Originally Posted By: eddiel4
I can add a little info to the brass "Shelhamer tie-down" story as I researched this very item for many years. I lived in Michigan and several friends and I collected his rifles. We always found these identical tie-downs on his rifles... with two exceptions. The first was rifles that were stamped D. Kilpatrick under the butt-plate and looked for all intensive purposes to be Shelhamers. These did not have the tie-down however were identical in lines (and workmanship) to Shelhamer. I had almost given up on understanding this when, by a stroke of luck, I came across a "D. Kilpatrick" living near Dowagiac Michigan. I was able to contact Dennis' daughter who told me the story. Dennis and Tom were very close personnel friends. Dennis was a local gunsmith who did very nice work and catered to the target/benchrest set. He did have some of his clients want him to build sporting or hunting rifles and he would do these in conjunction with Shelhamer who taught him inletting and shaping (I've taken two of these apart and they are beautifully inletted). From what I learned, these were done in Shelhamer's basement while the two worked together. Because Kilpatrick was a accuracy buff, he would begrudgingly make the concession to a tight barrel channel but not to a tie-down, so on his rifles they were to the best of my knowledge, never present. as a point of interest all the Kilpatrick rifles were checkered by Shelhamer. From what I gathered talking further with others still alive that knew Dennis (and Tom), he made something like a dozen rifles with Shelhamer designed stocks and all are stamped like Shelhamer did. These are lovely rifles and add something to a Shelhamer collection. Whenever you see what you are sure is a Shelhamer but doesn't have a tie-down you're probably looking at a Kilpatrick.
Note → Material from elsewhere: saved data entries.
(* Let $(\mathcal X,\mathcal B,\pi)$ be a measure space with $\pi$ $\sigma$-finite, $r$ measurable, and the noise stationary: $\{\varepsilon(x)\}$ a real-valued random field with $\varepsilon(x)\overset d=\varepsilon$ for all $x$ for some random variable $\varepsilon$, with i.i.d. copies independent of sampled points. Let $2\le K<\infty$. Assume: (a) $p_0$ (and a reference density $p_{\rm ref}$) in $\mathcal P_\pi$ satisfy $\int p|\log p|\,d\pi<\infty$; (b) $\mathbb E_{X\sim p}[e^{|r(X)+\varepsilon(X)|}]<\infty$ for all $p\in\mathcal P_\pi$; (c) $0<Q_*<\infty$, $Q\le Q_*$ everywhere; (d) $\int_Ap_0\,d\pi>0$ where $A=\{Q=Q_*\}$. Let $p_{t+1}=p_tH^K_{p_t}$. Then for all $t$, $\mathbb E_{X\sim p_{t+1}}Q(X)\ge\mathbb E_{X\sim p_t}Q(X)$, and $\lim_{t\to\infty}\mathbb E_{X\sim p_t}Q(X)=Q_*$.
   Context: $\mathcal P_\pi$ = probability densities w.r.t. $\pi$. $Q(x):=e^{r(x)}\mathbb E[e^{\varepsilon(x)}]$, $Q_*:=\operatorname*{ess\,sup}_\pi Q$. $H^K_p(x):=\mathbb E\bigl[K e^{r(x)+\varepsilon(x)}/(e^{r(x)+\varepsilon(x)}+\sum_{k=1}^{K-1}e^{r(X_k)+\varepsilon_k(X_k)})\bigr]$ with $X_k$ i.i.d. with density $p$, independent of the i.i.d. noise copies. *)

theory Defs
  imports "HOL-Probability.Probability"
begin

definition is_density :: "'a measure \<Rightarrow> ('a \<Rightarrow> real) \<Rightarrow> bool" where
  "is_density M p \<longleftrightarrow> p \<in> borel_measurable M \<and> (\<forall>x\<in>space M. 0 \<le> p x)
     \<and> (\<integral>\<^sup>+ x. ennreal (p x) \<partial>M) = 1"

text \<open>Q(x) = e^{r(x)} E[e^eps], N the (common) law of the stationary noise.\<close>
definition Qfun :: "real measure \<Rightarrow> ('a \<Rightarrow> real) \<Rightarrow> 'a \<Rightarrow> real" where
  "Qfun N r x = exp (r x) * (\<integral> e. exp e \<partial>N)"

definition Qstar :: "'a measure \<Rightarrow> real measure \<Rightarrow> ('a \<Rightarrow> real) \<Rightarrow> ereal" where
  "Qstar M N r = esssup M (\<lambda>x. ereal (Qfun N r x))"

text \<open>H^K_p(x): expectation over the own noise e0 ~ N and K-1 i.i.d. pairs (X_k, eps_k)
  with X_k ~ p dM and eps_k ~ N independent.\<close>
definition HK :: "'a measure \<Rightarrow> real measure \<Rightarrow> ('a \<Rightarrow> real) \<Rightarrow> nat \<Rightarrow> ('a \<Rightarrow> real) \<Rightarrow> 'a \<Rightarrow> real" where
  "HK M N r K p x =
     (\<integral> z. real K * exp (r x + fst z) /
            (exp (r x + fst z) + (\<Sum>k<K - 1. exp (r (fst (snd z k)) + snd (snd z k))))
      \<partial>(N \<Otimes>\<^sub>M (\<Pi>\<^sub>M k\<in>{..<K - 1}. (density M (\<lambda>y. ennreal (p y)) \<Otimes>\<^sub>M N))))"

fun piter :: "'a measure \<Rightarrow> real measure \<Rightarrow> ('a \<Rightarrow> real) \<Rightarrow> nat \<Rightarrow> ('a \<Rightarrow> real) \<Rightarrow> nat \<Rightarrow> 'a \<Rightarrow> real" where
  "piter M N r K p0 0 = p0"
| "piter M N r K p0 (Suc t) = (\<lambda>x. piter M N r K p0 t x * HK M N r K (piter M N r K p0 t) x)"

end

theory Submission
  imports Defs
begin

text \<open>
  Since Q \<le> Q_* everywhere and the set A where Q = Q_* is nonempty, Q_* is attained: Q = c exp r,
  r \<le> R, with equality exactly on A. One round multiplies the density by H(x) = \<phi>(exp (r x)) for an
  increasing \<phi>. Exchangeability of the K i.i.d. contestants gives \<integral> p H = 1, hence \<phi>(exp R) \<ge> 1 and the
  mass of A never decreases. The gain of E[exp r] in one round is the covariance of the two increasing
  functions exp r and H of r, hence nonnegative, and the contribution of A bounds it below by
  d (exp R - E[exp r])^2, where d > 0 depends only on the initial mass of A. A bounded sequence with such
  quadratic gains converges to its bound.
\<close>

definition share :: "real \<Rightarrow> real \<Rightarrow> real" where
  "share w s = w / (w + s)"

lemma borel_measurable_share [measurable (raw)]:
  "f \<in> borel_measurable M \<Longrightarrow> g \<in> borel_measurable M \<Longrightarrow> (\<lambda>x. share (f x) (g x)) \<in> borel_measurable M"
  unfolding share_def by (intro borel_measurable_divide borel_measurable_add)

lemma share_nonneg: "0 \<le> w \<Longrightarrow> 0 \<le> s \<Longrightarrow> 0 \<le> share w s"
  by (simp add: share_def)

lemma share_le_1: "0 \<le> w \<Longrightarrow> 0 \<le> s \<Longrightarrow> share w s \<le> 1"
  unfolding share_def by (cases "w + s = 0") (auto simp: divide_le_eq_1)

lemma share_mono:
  assumes "0 \<le> w" "w \<le> w'" "0 \<le> s"
  shows "share w s \<le> share w' s"
proof (cases "w = 0")
  case True
  then show ?thesis
    using assms by (simp add: share_nonneg share_def)
next
  case False
  then have "0 < w + s" "0 < w' + s"
    using assms by linarith+
  moreover have "w * (w' + s) \<le> w' * (w + s)"
    using mult_right_mono[OF assms(2,3)] by (simp add: algebra_simps)
  ultimately show ?thesis
    by (simp add: share_def divide_le_eq le_divide_eq mult.commute)
qed

lemma share_diff_lower_bound:
  fixes a b u u0 s s0 D :: real
  assumes "0 \<le> a" "a \<le> b" "0 < u0" "u0 \<le> u" "0 < s0" "s0 \<le> s" "b * u + s \<le> D"
  shows "(b - a) * u0 * s0 / D\<^sup>2 \<le> share (b * u) s - share (a * u) s"
proof -
  have pos: "0 < a * u + s" "0 < b * u + s"
    using assms by (auto intro: add_nonneg_pos)
  have "share (b * u) s - share (a * u) s = (b - a) * (u * s) / ((b * u + s) * (a * u + s))"
    using pos by (simp add: share_def field_simps)
  also have "(b - a) * u0 * s0 / D\<^sup>2 \<le> \<dots>"
  proof (rule frac_le)
    show "(b - a) * u0 * s0 \<le> (b - a) * (u * s)"
      using assms by (simp add: mult.assoc mult_left_mono mult_mono)
    have "a * u + s \<le> b * u + s"
      using assms by (simp add: mult_right_mono)
    then have "a * u + s \<le> D"
      using assms by linarith
    then show "(b * u + s) * (a * u + s) \<le> D\<^sup>2"
      unfolding power2_eq_square using assms pos by (intro mult_mono) auto
  qed (use assms pos in auto)
  finally show ?thesis .
qed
I mentioned two exceptions... until 3 years ago, I was sure that no Shelhamer went out that did not have his brass escutcheon present. On this very forum was a Shelhamer rifle, properly stamped with its number under the Niedner butt-plate and no tie-down. It was a quintessential Shelhamer with chin-strap, Schnabble fore-end and O'Dell pattern checkering (also the typical rich French walnut he used and I envy). I've looked at more than 50 Shelhamers and this photo came as a complete surprise! I guess this reinforces the old adage "never say never".

Thought you might find this interesting.


Yes, very interesting, thank you. The story I had heard was that Shelhamer did the stock work for Kilpatrick but it sounds like you have the straight scoop on it. I have seen one Kilpatrick gun, but I do not recall if it had the escutcheon or not.